‘Women’s Suffrage’: Historical Society presents riveting film

PHOTO BY BRENDA AHEARN

On Aug. 18, exactly 101 years to the day after the 19th Amendment to the United States Constitution was ratified, giving women the right to vote, members of the Indian River County Historical Society welcomed visitors to the Courthouse Executive Center to introduce its latest film, “Women’s Suffrage.”

Ruth Stanbridge, County Historian and IRCHS president, noted that COVID had interrupted their previous plan to premiere the video during the amendment’s centennial year.

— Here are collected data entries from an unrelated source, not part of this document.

lemma has_derivative_along_line:
  fixes f :: "'a::real_normed_vector \<Rightarrow> 'b::real_normed_vector"
  assumes "\<And>y. (f has_derivative D y) (at y)"
  shows "((\<lambda>\<sigma>::real. f (p + \<sigma> *\<^sub>R a)) has_derivative (\<lambda>t. D (p + \<sigma> *\<^sub>R a) (t *\<^sub>R a))) (at \<sigma>)"
proof -
  have "((\<lambda>\<sigma>::real. p + \<sigma> *\<^sub>R a) has_derivative (\<lambda>t. t *\<^sub>R a)) (at \<sigma>)"
    by (auto intro!: derivative_eq_intros)
  from has_derivative_compose[OF this assms] show ?thesis .
qed

lemma second_difference_mean_value:
  fixes f :: "real^'n \<Rightarrow> real" and g :: "real^'n \<Rightarrow> real^'n" and H :: "real^'n \<Rightarrow> real^'n^'n"
  assumes df: "\<And>y. (f has_derivative (\<lambda>h. g y \<bullet> h)) (at y)"
    and dg: "\<And>y. (g has_derivative (\<lambda>h. H y *v h)) (at y)"
    and "0 < s"
  shows "\<exists>\<xi>. norm (\<xi> - x) \<le> s * (norm a + norm b) \<and>
     f (x + s *\<^sub>R a + s *\<^sub>R b) - f (x + s *\<^sub>R a) - f (x + s *\<^sub>R b) + f x = s\<^sup>2 * ((H \<xi> *v b) \<bullet> a)"
proof -
  define \<psi> where "\<psi> \<sigma> = f (x + s *\<^sub>R b + \<sigma> *\<^sub>R a) - f (x + \<sigma> *\<^sub>R a)" for \<sigma>
  have d\<psi>: "(\<psi> has_derivative (\<lambda>t. g (x + s *\<^sub>R b + \<sigma> *\<^sub>R a) \<bullet> (t *\<^sub>R a) - g (x + \<sigma> *\<^sub>R a) \<bullet> (t *\<^sub>R a)))
      (at \<sigma> within {0..s})" for \<sigma>
    unfolding \<psi>_def
    by (rule has_derivative_at_withinI,
        intro has_derivative_diff has_derivative_along_line[where D="\<lambda>y h. g y \<bullet> h"] df)
  obtain \<sigma> where \<sigma>: "\<sigma> \<in> {0<..<s}" and
    \<psi>_diff: "\<psi> s - \<psi> 0 = g (x + s *\<^sub>R b + \<sigma> *\<^sub>R a) \<bullet> ((s - 0) *\<^sub>R a) - g (x + \<sigma> *\<^sub>R a) \<bullet> ((s - 0) *\<^sub>R a)"
    using mvt_simple[OF \<open>0 < s\<close> d\<psi>] by blast
  define p where "p = x + \<sigma> *\<^sub>R a"
  define \<phi> where "\<phi> \<tau> = g (p + \<tau> *\<^sub>R b) \<bullet> a" for \<tau>
  have d\<phi>: "(\<phi> has_derivative (\<lambda>t. (H (p + \<tau> *\<^sub>R b) *v (t *\<^sub>R b)) \<bullet> a)) (at \<tau> within {0..s})" for \<tau>
    unfolding \<phi>_def
    by (rule has_derivative_at_withinI,
        intro has_derivative_inner_left has_derivative_along_line[where D="\<lambda>y h. H y *v h"] dg)
  obtain \<tau> where \<tau>: "\<tau> \<in> {0<..<s}" and
    \<phi>_diff: "\<phi> s - \<phi> 0 = (H (p + \<tau> *\<^sub>R b) *v ((s - 0) *\<^sub>R b)) \<bullet> a"
    using mvt_simple[OF \<open>0 < s\<close> d\<phi>] by blast
  define \<xi> where "\<xi> = p + \<tau> *\<^sub>R b"
  have "norm (\<xi> - x) \<le> norm (\<sigma> *\<^sub>R a) + norm (\<tau> *\<^sub>R b)"
    unfolding \<xi>_def p_def by (metis add_diff_cancel_left' add.assoc norm_triangle_ineq)
  also have "\<dots> \<le> s * (norm a + norm b)"
    using \<sigma> \<tau> by (simp add: distrib_left add_mono mult_right_mono)
  finally have "norm (\<xi> - x) \<le> s * (norm a + norm b)" .
  moreover have "f (x + s *\<^sub>R a + s *\<^sub>R b) - f (x + s *\<^sub>R a) - f (x + s *\<^sub>R b) + f x = \<psi> s - \<psi> 0"
    by (simp add: \<psi>_def algebra_simps)
  moreover have "\<dots> = s * (\<phi> s - \<phi> 0)"
    using \<psi>_diff by (simp add: \<phi>_def p_def algebra_simps inner_diff_left)
  moreover have "\<dots> = s\<^sup>2 * ((H \<xi> *v b) \<bullet> a)"
    using \<phi>_diff by (simp add: \<xi>_def matrix_vector_mult_scaleR power2_eq_square)
  ultimately show ?thesis by metis
qed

Prior to the film, Stanbridge introduced a photographic tribute to the late Alma Lee Loy, a trailblazer in her own right and an “enthusiastic supporter of women’s rights,” noting that in 1964 Loy was appointed by the governor to serve as one of the original commissioners on the Florida Commission on the Status of Women. The moving tribute featured photos taken through the decades that highlighted just a few of Loy’s innumerable accomplishments and contributions to the community.

Sean Sexton, Indian River County Poet Laureate, read an affectionate and touching poem titled, “Dear Aunt Lee,” which he explained was addressed as if from Loy’s niece, Robyn Guy, and adding of Loy, “She’s all of our ‘Dear Aunt Lee.”

“It is hard to imagine the life that women lived 100 years ago, and even earlier than that, without the rights that we have today,” said Stanbridge in the Women’s Suffrage video, in which local women spoke about the significance of acquiring the right to vote.

Although Abigail Adams urged her husband in March 1776 to “remember the ladies,” as the Continental Congress was drafting rules for the fledgling democracy, they did not.

At the national level, the hard-fought movement by women’s rights advocates officially began in 1848 at a convention in Seneca Falls, N.Y. There, a group of women drafted a “Declaration of Sentiments” to petition for women’s legal and political rights, including the right to vote.

After decades of debate in Congress, the 19th Amendment was ratified on Aug. 18, 1920.

However, discriminatory hurdles continued to disenfranchise minority women, and men for that matter, until passage of the Voting Rights Act on Aug. 6, 1965.

And while many states and territories recognized women’s suffrage rights before or shortly after 1920, the State of Florida was among the last six to do so, delaying it until May 1969.

Despite that, at the local level, on June 19, 1915, Zena Dreier of Fellsmere became the first woman to cast a ballot south of the Mason-Dixon Line; doing so five years earlier than ratification.

Stanbridge commented on the influential women of the local women’s clubs in Fellsmere, Roseland and Sebastian as well as the Vero Beach Woman’s Club, which was founded in 1915.

As women were not allowed to have their own bank accounts, Stanbridge said they raised money for their building, which still exists, by selling cabbage. “So you can see that women found a way to do things even back then.”

In Fellsmere, she said Zena Dreier, a farmer’s wife, inserted one line into the city’s 1915 incorporation papers that gave women the vote.

“They didn’t read it and they didn’t realize when the governor signed it that it gave women the right to vote,” said County Commissioner Susan Adams with a chuckle. “That’s my favorite part.”

She noted that her mother, former County Commissioner Fran Adams, was the fourth and she is the eighth female county commissioner, adding, “I’m proud to say that my mom and I are the only mother/daughter county commissioners in the state.”

“Women in rural communities and small communities really are the backbone of those communities,” said Fran Adams. “I look back at those women in the early suffrage movement and I’m in awe at how far they traveled to get together to begin this journey for the right to vote. So always fight for it, fight for what’s right and be grateful for all of those who fought ahead of you; and never forget.”

First-time voters Charlotte Feagin and Kylie Oakes, who were seniors at Saint Edward’s School at the time of the taping, commented that even 100 years later, they feel that it is their duty and responsibility to voice their opinions and take a stance, just as Dreier and others like her had done.

“Voting opened up a whole trend of empowerment for women, and nowadays you see that more women are holding office and are more engaged,” said Leslie Swan, Indian River County’s supervisor of elections.

“It’s a privilege to represent women, who now vote probably 3 percent more than men do,” said Carol Jean Jordan, Indian River County’s tax collector. “We’ve never had a woman governor in the state of Florida; what a loss for us.”

Jonnie Mae Perry, executive director of the Gifford Community and Cultural Resources Center, noted that despite being awarded the right to vote, Blacks, particularly in the south, were kept from casting their ballots through other means.

“The struggle and the fight continued in the Black community, along with Civil Rights,” said Perry. “I don’t think the young people today realize the struggle, the blood, the lives that were shed in order to have opportunities to vote, particularly in the Black community. This is a challenge and a call to action. Vote.”